Patients with Visual Snow Syndrome (VSS) experience a persistent, static-like flickering across the entire visual field, often referred to as “visual snow”, alongside additional disturbances such as enhanced entoptic phenomena (e.g., floaters), palinopsia, photophobia, and nyctalopia. These symptoms occur without detectable structural lesions to the visual system [1–4].

Despite clear diagnostic criteria (ICHD-3), the pathophysiological mechanisms of VSS remain poorly understood, and no effective treatment options are available [5]. We propose that perceptual uncertainty, an inability to reliably distinguish relevant signals from sensory noise, underlies the visual misperceptions in VSS. Moreover, we hypothesize that impaired metacognition, disrupted self-monitoring, and confidence assessment may contribute to the chronification of these symptoms.

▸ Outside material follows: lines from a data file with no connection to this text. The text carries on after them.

(* Let $G$ be a group and let $\phi:G\to G$ be a periodic automorphism of least period $m$ (i.e. $\phi^m=\mathrm{id}$ and $\phi^k\neq \mathrm{id}$ for $0<k<m$). Let $Z$ denote one of the counting functions $RT$, $RT^f$, $RT^{ff}$, $AM^f$, and suppose $Z(\phi^n)<\infty$ for all $n\ge 1$. Then $$Z_\phi(z)=\prod_{d\mid m}\sqrt[d]{(1-z^d)^{-P(d)}},$$ where the product is over all positive divisors $d$ of $m$ and $P(d)$ is the integer $$P(d)=\sum_{d_1\mid d}\mu(d_1)\,Z(\phi^{d/d_1}),$$ with $\mu$ the number-theoretic Möbius function.
   Context: For a group $G$, $\widehat G$ denotes the unitary dual (equivalence classes of irreducible unitary representations, with the hull-kernel topology), $\widehat G_f\subset \widehat G$ the classes of finite-dimensional irreducible unitary representations, and $\widehat G_{ff}\subset\widehat G_f$ those that factor through a finite group. For an endomorphism $\phi$ of $G$: $RT(\phi)$ is the number of $[\rho]\in\widehat G$ with $\rho\circ\phi$ equivalent to $\rho$; $RT^f(\phi)$ and $RT^{ff}(\phi)$ are defined in the same way using $\widehat G_f$ and $\widehat G_{ff}$. A class $[\rho]$ is $\phi$-irreducible if $\rho\circ\phi^n$ is irreducible for every $n\ge 0$; $\widehat G^\phi_f$ denotes the set of $\phi$-irreducible classes in $\widehat G_f$ (with the subspace topology). On $\widehat G^\phi_f$ the map $\widehat\phi:[\rho]\mapsto[\rho\circ\phi]$ is well defined, and its $n$-periodic points are exactly the classes with $\rho\circ\phi^n\sim\rho$. $AM^f(\phi^n)$ is the number of isolated $n$-periodic points of $\widehat\phi$ on $\widehat G^\phi_f$. For $Z$ one of $RT,RT^f,RT^{ff},AM^f$, the zeta function is $Z_\phi(z)=\exp\left(\sum_{n\ge1}\frac{Z(\phi^n)}{n}z^n\right)$. *)

theory Defs
  imports "HOL-Algebra.Coset" "HOL-Analysis.Analysis" "HOL-Computational_Algebra.Squarefree"
begin

definition moebius :: "nat \<Rightarrow> int" where
  "moebius n = (if n > 0 \<and> squarefree n then (-1) ^ card (prime_factors n) else 0)"

text \<open>Every irreducible unitary representation of a (discrete) group with element type 'a
  is cyclic, hence has Hilbert dimension at most that of l2('a \<times> nat); so every class
  of the unitary dual has a representative acting on a closed subspace of l2('a \<times> nat).\<close>

type_synonym 'a vec = "'a \<times> nat \<Rightarrow> complex"
type_synonym 'a rep = "'a vec set \<times> ('a \<Rightarrow> 'a vec \<Rightarrow> 'a vec)"

definition l2 :: "'a vec set" where
  "l2 = {x. (\<lambda>i. (cmod (x i))\<^sup>2) summable_on UNIV}"

definition l2norm :: "'a vec \<Rightarrow> real" where
  "l2norm x = sqrt (infsum (\<lambda>i. (cmod (x i))\<^sup>2) UNIV)"

definition vzero :: "'a vec" where "vzero = (\<lambda>i. 0)"

definition closed_subspace :: "'a vec set \<Rightarrow> bool" where
  "closed_subspace H \<longleftrightarrow> H \<subseteq> l2 \<and> vzero \<in> H
     \<and> (\<forall>x\<in>H. \<forall>y\<in>H. (\<lambda>i. x i + y i) \<in> H)
     \<and> (\<forall>c::complex. \<forall>x\<in>H. (\<lambda>i. c * x i) \<in> H)
     \<and> (\<forall>X f. (\<forall>n. X n \<in> H) \<and> f \<in> l2 \<and> (\<lambda>n. l2norm (\<lambda>i. X n i - f i)) \<longlonglongrightarrow> 0
              \<longrightarrow> f \<in> H)"

definition fin_dim :: "'a vec set \<Rightarrow> bool" where
  "fin_dim H \<longleftrightarrow> (\<exists>B. finite B \<and> B \<subseteq> H \<and>
      H = {x. \<exists>c::'a vec \<Rightarrow> complex. x = (\<lambda>i. \<Sum>b\<in>B. c b * b i)})"

definition unitary_map :: "'a vec set \<Rightarrow> 'a vec set \<Rightarrow> ('a vec \<Rightarrow> 'a vec) \<Rightarrow> bool" where
  "unitary_map H H' U \<longleftrightarrow> bij_betw U H H'
     \<and> (\<forall>x\<in>H. \<forall>y\<in>H. U (\<lambda>i. x i + y i) = (\<lambda>i. U x i + U y i))
     \<and> (\<forall>c::complex. \<forall>x\<in>H. U (\<lambda>i. c * x i) = (\<lambda>i. c * U x i))
     \<and> (\<forall>x\<in>H. l2norm (U x) = l2norm x)"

When perceptual processing fails to correct noisy inputs, patients can experience ongoing misinterpretations and a persistent sense of visual overload.

By first describing the neural underpinnings that produce perceptual uncertainty in VSS, applying these formal models, and finally showing how metacognitive dysfunction may perpetuate symptoms, we hope to offer a comprehensive hypothetical perspective on VSS.

We conclude by discussing potential clinical implications, including how training metacognitive abilities might alleviate the disorder’s hallmark misperceptions.